Excerpted data START

(* Let $\mathbb D=\{z\in\mathbb C:|z|<1\}$ and let $\mathcal P$ be the set of holomorphic functions $p$ on $\mathbb D$ with $\operatorname{Re} p(z)>0$ for all $z\in\mathbb D$ (no normalization $p(0)=1$ is imposed). For $p\in\mathcal P$ and $0<r<1$ set \[ I_p(r):=\int_0^{2\pi}\left|\frac{z p'(z)}{p(z)}\right|^2\,d\theta,\qquad z=re^{i\theta}. \] Then for every $p\in\mathcal P$ and every $0<r<1$, \[ I_p(r)\le \frac{\pi^3 e^{-2}}{(1-r)^2}. \] Moreover, for each fixed $p\in\mathcal P$, $I_p(r)=o\bigl((1-r)^{-2}\bigr)$ as $r\to1^-$. *)

theory Defs
  imports "HOL-Complex_Analysis.Complex_Analysis" "HOL-Library.Landau_Symbols"
begin

definition caratheodory_class :: "(complex \<Rightarrow> complex) set" where
  "caratheodory_class = {p. p holomorphic_on ball 0 1 \<and> (\<forall>z\<in>ball 0 1. Re (p z) > 0)}"

definition I_p :: "(complex \<Rightarrow> complex) \<Rightarrow> real \<Rightarrow> real" where
  "I_p p r = integral {0..2*pi}
     (\<lambda>\<theta>. (cmod (let z = of_real r * exp (\<i> * of_real \<theta>) in z * deriv p z / p z))\<^sup>2)"

end

theory Submission
  imports Defs
begin

text \<open>Since Re p > 0, the function f = Ln o p is holomorphic on the unit disc with
|Im f| <= pi/2, and z p'(z) / p(z) = z f'(z). Writing f(z) = sum a_n z^n, Parseval's identity
on the circle |z| = r gives I_p(r) = 2 pi sum n^2 |a_n|^2 r^(2n), while Parseval applied to
Im f on circles of radius rho -> 1 gives sum_(n >= 1) |a_n|^2 <= pi^2 / 2. As
n r^n (1 - r) <= 1/e, the uniform bound follows. Each term |a_n|^2 (n r^n (1 - r))^2 tends
to 0 as r -> 1 and is dominated by the summable |a_n|^2 / e^2, so Tannery's theorem gives the
little-o statement.\<close>

section \<open>Parseval identities on the circle\<close>

lemma has_integral_cis_int:
  fixes k :: int
  shows "((\<lambda>t. cis (of_int k * t)) has_integral (if k = 0 then complex_of_real (2*pi) else 0)) {0..2*pi}"
proof (cases "k = 0")
  case True
  then show ?thesis
    using has_integral_const_real[of "1::complex" 0 "2*pi"] by (simp add: scaleR_conv_of_real)
next
  case False
  define F where "F t = cis (of_int k * t) / (\<i> * of_int k)" for t
  have "(F has_vector_derivative cis (of_int k * t)) (at t)" for t
    unfolding F_def has_vector_derivative_def using False
    by (auto intro!: derivative_eq_intros simp: field_simps scaleR_conv_of_real)
  then have "((\<lambda>t. cis (of_int k * t)) has_integral F (2*pi) - F 0) {0..2*pi}"
    by (intro fundamental_theorem_of_calculus) (auto intro: has_vector_derivative_at_within)
  moreover have "F (2*pi) = F 0"
    using cis_multiple_2pi[of "of_int k"] by (simp add: F_def mult_ac)
  ultimately show ?thesis
    using False by simp
qed

lemma has_integral_cis_power_cnj:
  "((\<lambda>t. cis t ^ n * cnj (cis t ^ m)) has_integral (if n = m then complex_of_real (2*pi) else 0)) {0..2*pi}"
proof -
  have "cis t ^ n * cnj (cis t ^ m) = cis (of_int (int n - int m) * t)" for t
    \<comment> \<open>qualified: the unqualified \<open>DeMoivre\<close> is the complex-argument version for \<open>cos + i sin\<close>\<close>
    by (simp only: Complex.DeMoivre complex_cnj_power cis_cnj cis_mult) (simp add: algebra_simps)
  then show ?thesis
    using has_integral_cis_int[of "int n - int m"] by simp
qed

lemma has_integral_cis_power:
  "((\<lambda>t. cis t ^ n) has_integral (if n = 0 then complex_of_real (2*pi) else 0)) {0..2*pi}"
  using has_integral_cis_power_cnj[of n 0] by simp

lemma has_integral_norm_trig_poly_squared:
  fixes c :: "nat \<Rightarrow> complex"
  shows "((\<lambda>t. (cmod (\<Sum>n<N. c n * cis t ^ n))\<^sup>2) has_integral 2*pi * (\<Sum>n<N. (cmod (c n))\<^sup>2)) {0..2*pi}"
proof -
  have expand: "(\<Sum>n<N. c n * cis t ^ n) * cnj (\<Sum>n<N. c n * cis t ^ n)
      = (\<Sum>n<N. \<Sum>m<N. c n * cnj (c m) * (cis t ^ n * cnj (cis t ^ m)))" for t
    by (simp add: sum_product mult_ac)
  have "((\<lambda>t. (\<Sum>n<N. c n * cis t ^ n) * cnj (\<Sum>n<N. c n * cis t ^ n)) has_integral
        (\<Sum>n<N. \<Sum>m<N. c n * cnj (c m) * (if n = m then complex_of_real (2*pi) else 0))) {0..2*pi}"
    unfolding expand
    by (intro has_integral_sum finite_lessThan has_integral_mult_right has_integral_cis_power_cnj)
  also have "(\<Sum>n<N. \<Sum>m<N. c n * cnj (c m) * (if n = m then complex_of_real (2*pi) else 0))
      = of_real (2*pi * (\<Sum>n<N. (cmod (c n))\<^sup>2))"
    by (simp add: if_distrib sum_distrib_left mult_ac flip: complex_norm_square cong: if_cong)
  finally have "((\<lambda>t. (\<Sum>n<N. c n * cis t ^ n) * cnj (\<Sum>n<N. c n * cis t ^ n)) has_integral
      of_real (2*pi * (\<Sum>n<N. (cmod (c n))\<^sup>2))) {0..2*pi}" .
  from has_integral_Re[OF this] show ?thesis
    by (simp only: Re_complex_of_real flip: complex_norm_square)
qed

lemma has_integral_trig_poly_squared:
  fixes c :: "nat \<Rightarrow> complex"
  assumes "N > 0"
  shows "((\<lambda>t. (\<Sum>n<N. c n * cis t ^ n)\<^sup>2) has_integral 2*pi * (c 0)\<^sup>2) {0..2*pi}"
proof -
  have expand: "(\<Sum>n<N. c n * cis t ^ n)\<^sup>2 = (\<Sum>n<N. \<Sum>m<N. c n * c m * cis t ^ (n + m))" for t
    by (simp add: power2_eq_square sum_product power_add mult_ac)
  have "((\<lambda>t. (\<Sum>n<N. c n * cis t ^ n)\<^sup>2) has_integral
        (\<Sum>n<N. \<Sum>m<N. c n * c m * (if n + m = 0 then complex_of_real (2*pi) else 0))) {0..2*pi}"
    unfolding expand
    by (intro has_integral_sum finite_lessThan has_integral_mult_right has_integral_cis_power)
  also have "(\<Sum>n<N. \<Sum>m<N. c n * c m * (if n + m = 0 then complex_of_real (2*pi) else 0))
      = (\<Sum>n<N. if n = 0 then 2*pi * (c 0)\<^sup>2 else 0)"
    using assms by (intro sum.cong refl) (auto simp: power2_eq_square if_distrib mult_ac cong: if_cong)
  also have "\<dots> = 2*pi * (c 0)\<^sup>2"
    using assms by simp
  finally show ?thesis .
qed

lemma power_series_circle_partial_sums:
  fixes c :: "nat \<Rightarrow> complex"
  assumes "summable (\<lambda>n. norm (c n))"
  shows "norm (\<Sum>n<N. c n * cis t ^ n) \<le> (\<Sum>n. norm (c n))"
    and "(\<lambda>N. \<Sum>n<N. c n * cis t ^ n) \<longlonglongrightarrow> (\<Sum>n. c n * cis t ^ n)"
proof -
  have norm_eq: "norm (c n * cis t ^ n) = norm (c n)" for n
    by (simp add: norm_mult norm_power)
  have "norm (\<Sum>n<N. c n * cis t ^ n) \<le> (\<Sum>n<N. norm (c n))"
    using norm_sum[of "\<lambda>n. c n * cis t ^ n" "{..<N}"] by (simp add: norm_eq)
  also have "\<dots> \<le> (\<Sum>n. norm (c n))"
    using assms by (intro sum_le_suminf) auto
  finally show "norm (\<Sum>n<N. c n * cis t ^ n) \<le> (\<Sum>n. norm (c n))" .
  have "summable (\<lambda>n. norm (c n * cis t ^ n))"
    using assms by (simp add: norm_eq)
  then have "summable (\<lambda>n. c n * cis t ^ n)"
    by (rule summable_norm_cancel)
  then show "(\<lambda>N. \<Sum>n<N. c n * cis t ^ n) \<longlonglongrightarrow> (\<Sum>n. c n * cis t ^ n)"
    by (rule summable_LIMSEQ)
qed

lemma has_integral_norm_power_series_circle_squared:
  fixes c :: "nat \<Rightarrow> complex"
  assumes c: "summable (\<lambda>n. norm (c n))"
  shows "summable (\<lambda>n. (cmod (c n))\<^sup>2)"
    and "((\<lambda>t. (cmod (\<Sum>n. c n * cis t ^ n))\<^sup>2) has_integral 2*pi * (\<Sum>n. (cmod (c n))\<^sup>2)) {0..2*pi}"
proof -
  define B where "B = (\<Sum>n. norm (c n))"
  have "norm (c n) \<le> B" for n
    unfolding B_def using c sum_le_suminf[of "\<lambda>n. norm (c n)" "{n}"] by simp
  then have "(cmod (c n))\<^sup>2 \<le> B * norm (c n)" for n
    by (simp add: power2_eq_square mult_right_mono)
  then show sq: "summable (\<lambda>n. (cmod (c n))\<^sup>2)"
    using c by (intro summable_comparison_test[OF _ summable_mult[OF c]]) auto
  show "((\<lambda>t. (cmod (\<Sum>n. c n * cis t ^ n))\<^sup>2) has_integral 2*pi * (\<Sum>n. (cmod (c n))\<^sup>2)) {0..2*pi}"
  proof (rule has_integral_dominated_convergence)
    show "((\<lambda>t. (cmod (\<Sum>n<N. c n * cis t ^ n))\<^sup>2) has_integral 2*pi * (\<Sum>n<N. (cmod (c n))\<^sup>2)) {0..2*pi}" for N
      by (rule has_integral_norm_trig_poly_squared)
    show "(\<lambda>_. B\<^sup>2) integrable_on {0..2*pi}"
      by (rule integrable_const_ivl)
    show "\<forall>t\<in>{0..2*pi}. norm ((cmod (\<Sum>n<N. c n * cis t ^ n))\<^sup>2) \<le> B\<^sup>2" for N
      using power_series_circle_partial_sums(1)[OF c] by (auto simp: B_def intro: power_mono)
    show "\<forall>t\<in>{0..2*pi}. (\<lambda>N. (cmod (\<Sum>n<N. c n * cis t ^ n))\<^sup>2) \<longlonglongrightarrow> (cmod (\<Sum>n. c n * cis t ^ n))\<^sup>2"
      by (intro ballI tendsto_intros power_series_circle_partial_sums(2)[OF c])
    show "(\<lambda>N. 2*pi * (\<Sum>n<N. (cmod (c n))\<^sup>2)) \<longlonglongrightarrow> 2*pi * (\<Sum>n. (cmod (c n))\<^sup>2)"
      using sq by (intro tendsto_mult_left summable_LIMSEQ)
  qed
qed
definition prep_noncontextual ::
  "('p \<Rightarrow> 'm \<Rightarrow> nat \<Rightarrow> real) \<Rightarrow> ('p \<Rightarrow> 'l pmf) \<Rightarrow> bool" where
  "prep_noncontextual stat mu \<longleftrightarrow>
     (\<forall>P P'. (\<forall>M x. stat P M x = stat P' M x) \<longrightarrow> mu P = mu P')"

definition msc :: "complex \<Rightarrow> complex^2^2 \<Rightarrow> complex^2^2" where
  "msc c A = (\<chi> i j. c * A $ i $ j)"

definition sigma_z :: "complex^2^2" where
  "sigma_z = (\<chi> i j. if i = j then (if i = 1 then 1 else -1) else 0)"

definition sigma_x :: "complex^2^2" where
  "sigma_x = (\<chi> i j. if i = j then 0 else 1)"

definition Aobs :: "nat \<Rightarrow> complex^2^2" where
  "Aobs t = msc (complex_of_real (cos (2 * pi * (real t - 1) / 3))) sigma_z
          + msc (complex_of_real (sin (2 * pi * (real t - 1) / 3))) sigma_x"

text \<open>Spectral projector of the +-1-valued observable A onto eigenvalue (-1)^x.\<close>
definition eigproj :: "complex^2^2 \<Rightarrow> nat \<Rightarrow> complex^2^2" where
  "eigproj A x = msc (1/2) (mat 1 + msc ((-1) ^ x) A)"

definition cinner :: "complex^2 \<Rightarrow> complex^2 \<Rightarrow> complex" where
  "cinner u v = (\<Sum>i\<in>UNIV. cnj (u $ i) * v $ i)"

definition born :: "complex^2 \<Rightarrow> complex^2^2 \<Rightarrow> nat \<Rightarrow> real" where
  "born psi A x = Re (cinner psi (eigproj A x *v psi))"

definition density :: "complex^2 \<Rightarrow> complex^2^2" where
  "density psi = (\<chi> i j. psi $ i * cnj (psi $ j))"

end

theory Submission
  imports Defs
begin
lemma Delta_mult_left_bracket:
  assumes "teq2 sc (rcop sc one Delta x) []"
  shows "formal (Delta (m (m x y) z))
    \<simeq> basisv (one, m (m x y) z) + formal (map (\<lambda>(a, b). (m x a, m b z)) (Delta y))
       + formal (map (\<lambda>(a, b). (m (m x y) a, b)) (Delta z)) - basisv (m x y, z)"
proof -
  have "formal (map (\<lambda>(a, b). (a, m b z)) (Delta (m x y)))
      \<simeq> pushforward (\<lambda>(a, b). (a, m b z))
           (basisv (one, m x y) + formal (map (\<lambda>(a, b). (m x a, b)) (Delta y)))"
    by (rule formal_map_tensor2_cong[OF linear_ident linear_mult_right Delta_mult_primitive[OF assms]])
      simp
  also have "\<dots> = basisv (one, m (m x y) z) + formal (map (\<lambda>(a, b). (m x a, m b z)) (Delta y))"
    by (simp add: pushforward_add formal_map[symmetric] case_prod_pair_comp)
  finally have Delta_xy: "formal (map (\<lambda>(a, b). (a, m b z)) (Delta (m x y)))
      \<simeq> basisv (one, m (m x y) z) + formal (map (\<lambda>(a, b). (m x a, m b z)) (Delta y))" .
  have "formal (Delta (m (m x y) z))
      \<simeq> formal (map (\<lambda>(a, b). (a, m b z)) (Delta (m x y)))
         + formal (map (\<lambda>(a, b). (m (m x y) a, b)) (Delta z)) - basisv (m x y, z)"
    by (rule Delta_mult)
  also have "\<dots> \<simeq> basisv (one, m (m x y) z) + formal (map (\<lambda>(a, b). (m x a, m b z)) (Delta y))
       + formal (map (\<lambda>(a, b). (m (m x y) a, b)) (Delta z)) - basisv (m x y, z)"
    by (intro tensor2_cong_add tensor2_cong_diff tensor2_cong_refl Delta_xy)
  finally show ?thesis .
qed
lemma exit_set_intercept:
  assumes "0 \<le> \<alpha>" and "\<alpha> < 1" and "0 < R"
  shows "exit_set \<alpha> R xO yO yT (intercept_heading \<theta> t2) = {t2 + 2 * R / (1 - \<alpha>)<..}"
proof -
  have leaves_iff:
    "R\<^sup>2 < sep2 \<alpha> xO yO yT (intercept_heading \<theta> t2) t \<longleftrightarrow> t2 + 2 * R / (1 - \<alpha>) < t"
    if "t2 \<le> t" for t
  proof -
    have "R\<^sup>2 < (R - (1 - \<alpha>) * (t - t2))\<^sup>2 \<longleftrightarrow> 2 * R < (1 - \<alpha>) * (t - t2)"
      using that assms by (intro square_less_square_diff_iff) auto
    also have "\<dots> \<longleftrightarrow> 2 * R / (1 - \<alpha>) < t - t2"
      using assms(2) by (simp add: pos_divide_less_eq mult.commute)
    also have "\<dots> \<longleftrightarrow> t2 + 2 * R / (1 - \<alpha>) < t"
      by linarith
    finally show ?thesis
      using sep2_intercept_after[OF that] by simp
  qed
  have "0 < 2 * R / (1 - \<alpha>)"
    using assms by simp
  then show ?thesis
    using leaves_iff contact_time_intercept(2)[OF assms(1,2) less_imp_le[OF assms(3)]]
    unfolding exit_set_def by force
qed

lemma obs_time_intercept:
  assumes "0 \<le> \<alpha>" and "\<alpha> < 1" and "0 < R"
  shows "obs_time \<alpha> R xO yO yT (intercept_heading \<theta> t2) = ereal (2 * R / (1 - \<alpha>))"
  using contact_time_intercept[OF assms(1,2) less_imp_le[OF assms(3)]]
    exit_set_intercept[OF assms] assms(3)
  by (auto simp: obs_time_def exit_time_def)

end

lemma apollonius_root_exists:
  fixes \<alpha> h x :: real
  assumes "0 < \<alpha>" and "\<alpha> < 1" and "sqrt (1 - \<alpha>\<^sup>2) * \<bar>x\<bar> \<le> \<alpha> * h"
  shows "\<exists>t \<ge> 0. x\<^sup>2 + (t - h)\<^sup>2 = (\<alpha> * t)\<^sup>2"
proof -
  define k where "k = 1 - \<alpha>\<^sup>2"
  define D where "D = discrim k (- 2 * h) (x\<^sup>2 + h\<^sup>2)"
  define t where "t = (2 * h - sqrt D) / (2 * k)"
  have k: "0 < k"
    using assms(1,2) by (simp add: k_def power_less_one_iff)
  have "0 \<le> sqrt k * \<bar>x\<bar>"
    using k by simp
  then have "0 \<le> \<alpha> * h"
    using assms(3) unfolding k_def by linarith
  then have h: "0 \<le> h"
    using assms(1) by (simp add: zero_le_mult_iff)
  have "(sqrt k * \<bar>x\<bar>)\<^sup>2 \<le> (\<alpha> * h)\<^sup>2"
    using assms(3) k by (intro power_mono) (auto simp: k_def)
  then have "k * x\<^sup>2 \<le> \<alpha>\<^sup>2 * h\<^sup>2"
    using k by (simp add: power_mult_distrib)
  moreover have "D = 4 * (\<alpha>\<^sup>2 * h\<^sup>2 - k * x\<^sup>2)"
    by (simp add: D_def discrim_def k_def power2_eq_square algebra_simps)
  ultimately have D: "0 \<le> D"
    by simp
  have "D \<le> (2 * h)\<^sup>2"
    using k by (simp add: D_def discrim_def)
  then have "sqrt D \<le> sqrt ((2 * h)\<^sup>2)"
    by (rule real_sqrt_le_mono)
  also have "\<dots> = 2 * h"
    using h by (simp only: real_sqrt_abs abs_of_nonneg)
  finally have "sqrt D \<le> 2 * h" .
  then have "0 \<le> t"
    using k by (simp add: t_def)
  moreover have "k * t\<^sup>2 + (- 2 * h) * t + (x\<^sup>2 + h\<^sup>2) = 0"
    using discriminant_nonneg[of k "- 2 * h" "x\<^sup>2 + h\<^sup>2" t] k D by (simp add: D_def t_def)
  then have "x\<^sup>2 + (t - h)\<^sup>2 = (\<alpha> * t)\<^sup>2"
    by (simp add: k_def power2_eq_square algebra_simps)
  ultimately show ?thesis by blast
qed

lemma polar_coordinates_exist:
  fixes u v \<rho> :: real
  assumes "u\<^sup>2 + v\<^sup>2 = \<rho>\<^sup>2" and "0 \<le> \<rho>"
  obtains \<theta> where "\<rho> * cos \<theta> = u" and "\<rho> * sin \<theta> = v"
proof -
  have "cmod (Complex u v) = \<rho>"
    using assms by (simp add: cmod_def)
  then have "rcis \<rho> (Arg (Complex u v)) = Complex u v"
    using rcis_cmod_Arg by metis
  then show ?thesis
    using that[of "Arg (Complex u v)"] by (metis Re_rcis Im_rcis complex.sel)
qed

theorem lemma7:
  fixes \<alpha> R xO yO yT m :: real
  assumes "0 < \<alpha>" and "\<alpha> < 1" and "0 < R"
    and "m = sqrt (1 - \<alpha>\<^sup>2) / \<alpha>"
    and "yO - R - yT \<ge> m * \<bar>xO\<bar>"
  shows "opt_obs_time \<alpha> R xO yO yT = ereal (2 * R / (1 - \<alpha>))"
proof -
  define h where "h = yO - R - yT"
  have "sqrt (1 - \<alpha>\<^sup>2) * \<bar>xO\<bar> \<le> \<alpha> * h"
    using mult_left_mono[OF assms(5), of \<alpha>] assms(1,4) by (simp add: h_def)
  then obtain t2 where t2: "0 \<le> t2" and "(- xO)\<^sup>2 + (t2 - h)\<^sup>2 = (\<alpha> * t2)\<^sup>2"
    using apollonius_root_exists[OF assms(1,2)] by auto
  then obtain \<theta> where "\<alpha> * t2 * cos \<theta> = - xO" and "\<alpha> * t2 * sin \<theta> = t2 - h"
    using assms(1) by (elim polar_coordinates_exist) auto
  then have attained:
    "obs_time \<alpha> R xO yO yT (intercept_heading \<theta> t2) = ereal (2 * R / (1 - \<alpha>))"
    using t2 assms(1-3) by (intro obs_time_intercept) (auto simp: h_def)
  show ?thesis
    unfolding opt_obs_time_def
  proof (rule antisym)
    show "(SUP \<psi> \<in> {\<psi>. \<psi> \<in> borel_measurable lborel}. obs_time \<alpha> R xO yO yT \<psi>)
      \<le> ereal (2 * R / (1 - \<alpha>))"
      using obs_time_le assms(1-3) by (auto intro: SUP_least)
    show "ereal (2 * R / (1 - \<alpha>))
      \<le> (SUP \<psi> \<in> {\<psi>. \<psi> \<in> borel_measurable lborel}. obs_time \<alpha> R xO yO yT \<psi>)"
      unfolding attained[symmetric] by (rule SUP_upper) (use intercept_heading_measurable in simp)
  qed
qed

end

Excerpted data END

(Task description): What is needed is each line from the records with the word "eigproj" in it.

(Your response):
definition eigproj :: "complex^2^2 \<Rightarrow> nat \<Rightarrow> complex^2^2" where
  "eigproj A x = msc (1/2) (mat 1 + msc ((-1) ^ x) A)"
  "born psi A x = Re (cinner psi (eigproj A x *v psi))"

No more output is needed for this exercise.